In the early morning on 19 May, Turkish forces launched an attack against the left flank of the Australian lines, which developed into a major battle along the whole Australian front. The attack was repulsed with heavy losses. The 11th Battalion suffered nine killed and eight wounded, mainly from shrapnel. One Turkish officer and five soldiers surrendered. On 21 May, a truce was declared and a burial party from the 12th Battalion was sent out. However, it was fired at by the Turks and as a result burial parties were discontinued. A similar truce was declared on 24 May. A line was drawn halfway between the two lines and each side sent out parties to bury the dead and collect equipment.

====Lone Pine====
On 27 July 1915, after two weeks in reserve, the battalion relieved the 12th Battalion at Tasmanian Post, on the right on the Australian front line. On 31 July, a party of around 200 men led by Leane were ordered to capture a section of Turkish trenches in front of the battalion's position. After engineers detonated three mines prepared near Turkish communications trenches, the storming party captured the Turkish trench following a bayonet charge, with the loss of one officer and 36 other ranks killed. Seventy-three other members of the battalion were wounded during the attack, including Leane, who was mentioned in despatches. Turkish casualties were estimated by the battalion to be 60 killed.

On 6 August, the battalion held off a fierce Turkish counterattack on the trench, which became known as "Leane's Trench" during the Battle of Lone Pine. Heavy casualties were sustained on both sides. The battalion suffered 41 killed, 94 wounded and 19 missing. By the end of the month, the 11th Battalion's strength, despite having received six batches of reinforcements, had fallen to just over 500 men, approximately half its authorised strength. The following month, command of the battalion passed to Leane when Lyon-Johnston took over as brigade commander. As the health of the men deteriorated, the battalion's strength fell further to just over 300. The arrival of winter in October brought heavy rain and even harsher conditions.

====Withdrawal====
In November, the battalion supported the 5th Light Horse around "Chatham Post" until it was withdrawn, with the 9th Battalion, from Anzac Cove. The withdrawal had been planned for the 14th, but due to bad weather this was delayed until the night of the 16/17 November 1915. From Anzac Cove, it sailed to Lemnos where it recuperated at Sampi Camp, following seven months in the trenches. The battalion's war diary records particularly bad weather on Lemnos during this period, noting "Mudros seems a most unsuitable place to send troops for a rest". During this rest period, the battalion reported its first and only case of diphtheria, following which the whole brigade was quarantined. On 17 December, the battalion's last casualty of the campaign, a soldier named Private Hayes, died from meningitis. The battalion lost a total of 353 men killed during the campaign.

===Western Front===
In early 1916, the battalion sailed to Alexandria on the Empress of Britain. From Alexandria, it travelled by train to bivouac at Tall al Kabir. At this time, the battalion received 367 reinforcements from Australia before undertaking defensive duties around Gebel Habieta, guarding the Suez Canal. In February, the AIF was re-organised and expanded. This saw the veteran battalions split to provide cadres for new battalions and as a part of this process, the 11th Battalion provided personnel to the 51st Battalion, by transferring the even numbered sections to the new battalion. At this time, the battalion received four Lewis Guns for organic direct fire support.

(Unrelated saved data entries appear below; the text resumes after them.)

(* For all integers $r\ge 3$ and $n\ge r+12$, \[ \log m(n,r) \le \frac{1}{n-r+1}\binom{n}{r}\log\bigl(\mathrm{e}(n-r+1)\bigr). \]
   Context: $m(n,r)$ denotes the number of matroids of rank $r$ on the ground set $[n]=\{1,\dots,n\}$. $\log$ is the logarithm to base $2$ and $\mathrm{e}$ is Euler's number. *)

theory Defs
  imports "HOL-Analysis.Analysis"
begin

definition matroid_bases :: "'a set \<Rightarrow> 'a set set \<Rightarrow> bool" where
  "matroid_bases E B \<longleftrightarrow>
     B \<noteq> {} \<and> (\<forall>X\<in>B. X \<subseteq> E) \<and>
     (\<forall>X\<in>B. \<forall>Y\<in>B. \<forall>x\<in>X - Y. \<exists>y\<in>Y - X. insert y (X - {x}) \<in> B)"

definition matroid_count :: "nat \<Rightarrow> nat \<Rightarrow> nat" where
  "matroid_count n r =
     card {B. matroid_bases {1..n} B \<and> (\<forall>X\<in>B. card X = r)}"

end

theory Submission
  imports Defs
begin

text \<open>
  Contracting an element \<open>x\<close> sends the bases through \<open>x\<close> of a rank-\<open>r\<close> matroid on \<open>E\<close> to the
  bases of a rank-\<open>(r - 1)\<close> matroid on \<open>E - {x}\<close>, and the bases through \<open>x\<close> are exactly what
  the family of all bases looks like when projected to the \<open>r\<close>-sets containing \<open>x\<close>. Since every
  \<open>r\<close>-set contains \<open>r\<close> elements, Shearer's inequality gives
  \<open>(m(E, r) + 1)^r \<le> \<Prod>x\<in>E. (m(E - {x}, r - 1) + 1)\<close>. In logarithmic form the bound
  \<open>ln (m + 1) \<le> C(n, r) / (c + 1) \<cdot> ln (e (c + 1))\<close> with \<open>c = n - r\<close> fixed therefore passes
  from rank \<open>r - 1\<close> to rank \<open>r\<close>, because \<open>n C(n - 1, r - 1) = r C(n, r)\<close>.

  The base case \<open>r = 3\<close> is a direct count. A rank-3 matroid is determined by its loops, its
  parallel classes and, for every line of its simplification with at least three points, the
  triples formed by the two smallest points of the line with each further point. Lines meet in
  at most one point, so there are at most \<open>C(n, 2) / 3\<close> such triples, and counting the codes
  gives \<open>ln (m(E, 3) + 1) \<le> C(n, 3) / (n - 2) \<cdot> ln (e (n - 2))\<close> for \<open>n \<ge> 15\<close>.
\<close>

section \<open>Shearer's inequality\<close>

lemma root_prod_add_ge:
  fixes a b :: "'i \<Rightarrow> real"
  assumes J: "finite J" "J \<noteq> {}"
    and a: "\<And>i. i \<in> J \<Longrightarrow> 0 \<le> a i" and b: "\<And>i. i \<in> J \<Longrightarrow> 0 \<le> b i"
  shows "root (card J) (\<Prod>i\<in>J. a i) + root (card J) (\<Prod>i\<in>J. b i)
         \<le> root (card J) (\<Prod>i\<in>J. a i + b i)"
proof (cases "\<exists>i\<in>J. a i + b i = 0")
  case True
  then obtain i where "i \<in> J" "a i = 0" "b i = 0"
    using a b by (metis add_nonneg_eq_0_iff)
  then have "(\<Prod>i\<in>J. a i) = 0" "(\<Prod>i\<in>J. b i) = 0" "(\<Prod>i\<in>J. a i + b i) = 0"
    using J by (auto simp: prod_zero_iff intro!: bexI[of _ i])
  then show ?thesis by simp
next
  case False
  define c where "c i = a i + b i" for i
  have c: "0 < c i" if "i \<in> J" for i
    using False a[OF that] b[OF that] that unfolding c_def by fastforce
  let ?k = "card J"
  have k: "0 < ?k" using J by (simp add: card_gt_0_iff)
  have am_gm: "root ?k (\<Prod>i\<in>J. f i / c i) \<le> (\<Sum>i\<in>J. f i / c i / ?k)"
    if "\<And>i. i \<in> J \<Longrightarrow> 0 \<le> f i" for f
    using arith_geom_mean[OF J, of "\<lambda>i. f i / c i"] that c k
    by (simp add: root_powr_inverse prod_nonneg less_imp_le)
  have split: "root ?k (\<Prod>i\<in>J. f i) = root ?k (\<Prod>i\<in>J. f i / c i) * root ?k (\<Prod>i\<in>J. c i)" for f
    unfolding real_root_mult[symmetric] prod.distrib[symmetric]
    by (intro arg_cong[where f="root ?k"] prod.cong) (use c in \<open>auto simp: less_imp_neq[symmetric]\<close>)
  have "(\<Sum>i\<in>J. a i / c i / ?k) + (\<Sum>i\<in>J. b i / c i / ?k) = (\<Sum>i\<in>J. 1 / ?k)"
    unfolding sum.distrib[symmetric]
  proof (intro sum.cong refl)
    fix i assume "i \<in> J"
    then have "a i / c i + b i / c i = 1"
      using c by (simp add: c_def add_divide_distrib[symmetric] less_imp_neq[symmetric])
    then show "a i / c i / ?k + b i / c i / ?k = 1 / ?k"
      by (simp add: add_divide_distrib[symmetric])
  qed
  also have "\<dots> = 1" using k by simp
  finally have "root ?k (\<Prod>i\<in>J. a i / c i) + root ?k (\<Prod>i\<in>J. b i / c i) \<le> 1"
    using am_gm[of a, OF a] am_gm[of b, OF b] by linarith
  from mult_right_mono[OF this, of "root ?k (\<Prod>i\<in>J. c i)"]
  show ?thesis
    using c k by (simp add: split[of a] split[of b] distrib_right c_def prod_nonneg less_imp_le)
qed

lemma power_add_le_prod_add:
  fixes a b :: "'i \<Rightarrow> real"
  assumes J: "finite J" "card J = r" "0 < r" and C: "0 \<le> C"
    and a: "\<And>i. i \<in> J \<Longrightarrow> 0 \<le> a i" and b: "\<And>i. i \<in> J \<Longrightarrow> 0 \<le> b i"
    and x: "0 \<le> x" "x ^ r \<le> C * (\<Prod>i\<in>J. a i)"
    and y: "0 \<le> y" "y ^ r \<le> C * (\<Prod>i\<in>J. b i)"
  shows "(x + y) ^ r \<le> C * (\<Prod>i\<in>J. a i + b i)"
proof -
  have J0: "J \<noteq> {}" using J by auto
  have "x \<le> root r C * root r (\<Prod>i\<in>J. a i)"
    using real_root_le_mono[OF J(3) x(2)] x(1) J(3) by (simp add: real_root_mult real_root_power_cancel)
  moreover have "y \<le> root r C * root r (\<Prod>i\<in>J. b i)"
    using real_root_le_mono[OF J(3) y(2)] y(1) J(3) by (simp add: real_root_mult real_root_power_cancel)
  ultimately have "x + y \<le> root r C * (root r (\<Prod>i\<in>J. a i) + root r (\<Prod>i\<in>J. b i))"
    by (simp add: distrib_left)
  also have "\<dots> \<le> root r C * root r (\<Prod>i\<in>J. a i + b i)"
    using root_prod_add_ge[OF J(1) J0 a b] C J by (intro mult_left_mono) auto
  also have "\<dots> = root r (C * (\<Prod>i\<in>J. a i + b i))" by (simp add: real_root_mult)
  finally have "(x + y) ^ r \<le> root r (C * (\<Prod>i\<in>J. a i + b i)) ^ r"
    using x y by (intro power_mono) auto
  also have "\<dots> = C * (\<Prod>i\<in>J. a i + b i)"
    using J C a b by (intro real_root_pow_pos2) (auto intro!: mult_nonneg_nonneg prod_nonneg add_nonneg_nonneg)
  finally show ?thesis .
qed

On 30 March 1916, as the AIF's infantry divisions were transferred to Europe, the battalion sailed from Alexandria aboard the HMT Corsican. It arrived at Marseille, France, on 5 April and then moved by train to Flêtre where it was billeted until the 19th when it moved to Sailly, where it commemorated Anzac Day on 25 April. In mid-May, after a period of acclimatisation and training to prepare them for the European battlefield, the 11th Battalion moved up to the front line around Petillon in the Fleurbaix sector, with a strength of 27 officers and 929 other ranks. A further draft of reinforcements, totalling 69 men all ranks, arrived on 25 May, and on 30 May the battalion had its first experience of combat on the Western Front. Late that evening, German artillery bombarded the Allied line around the Cordonnerie salient, before infantry launched a raid on the 11th Battalion's trenches. In the fighting that followed the 11th Battalion lost four men captured, 37 killed and 70 wounded.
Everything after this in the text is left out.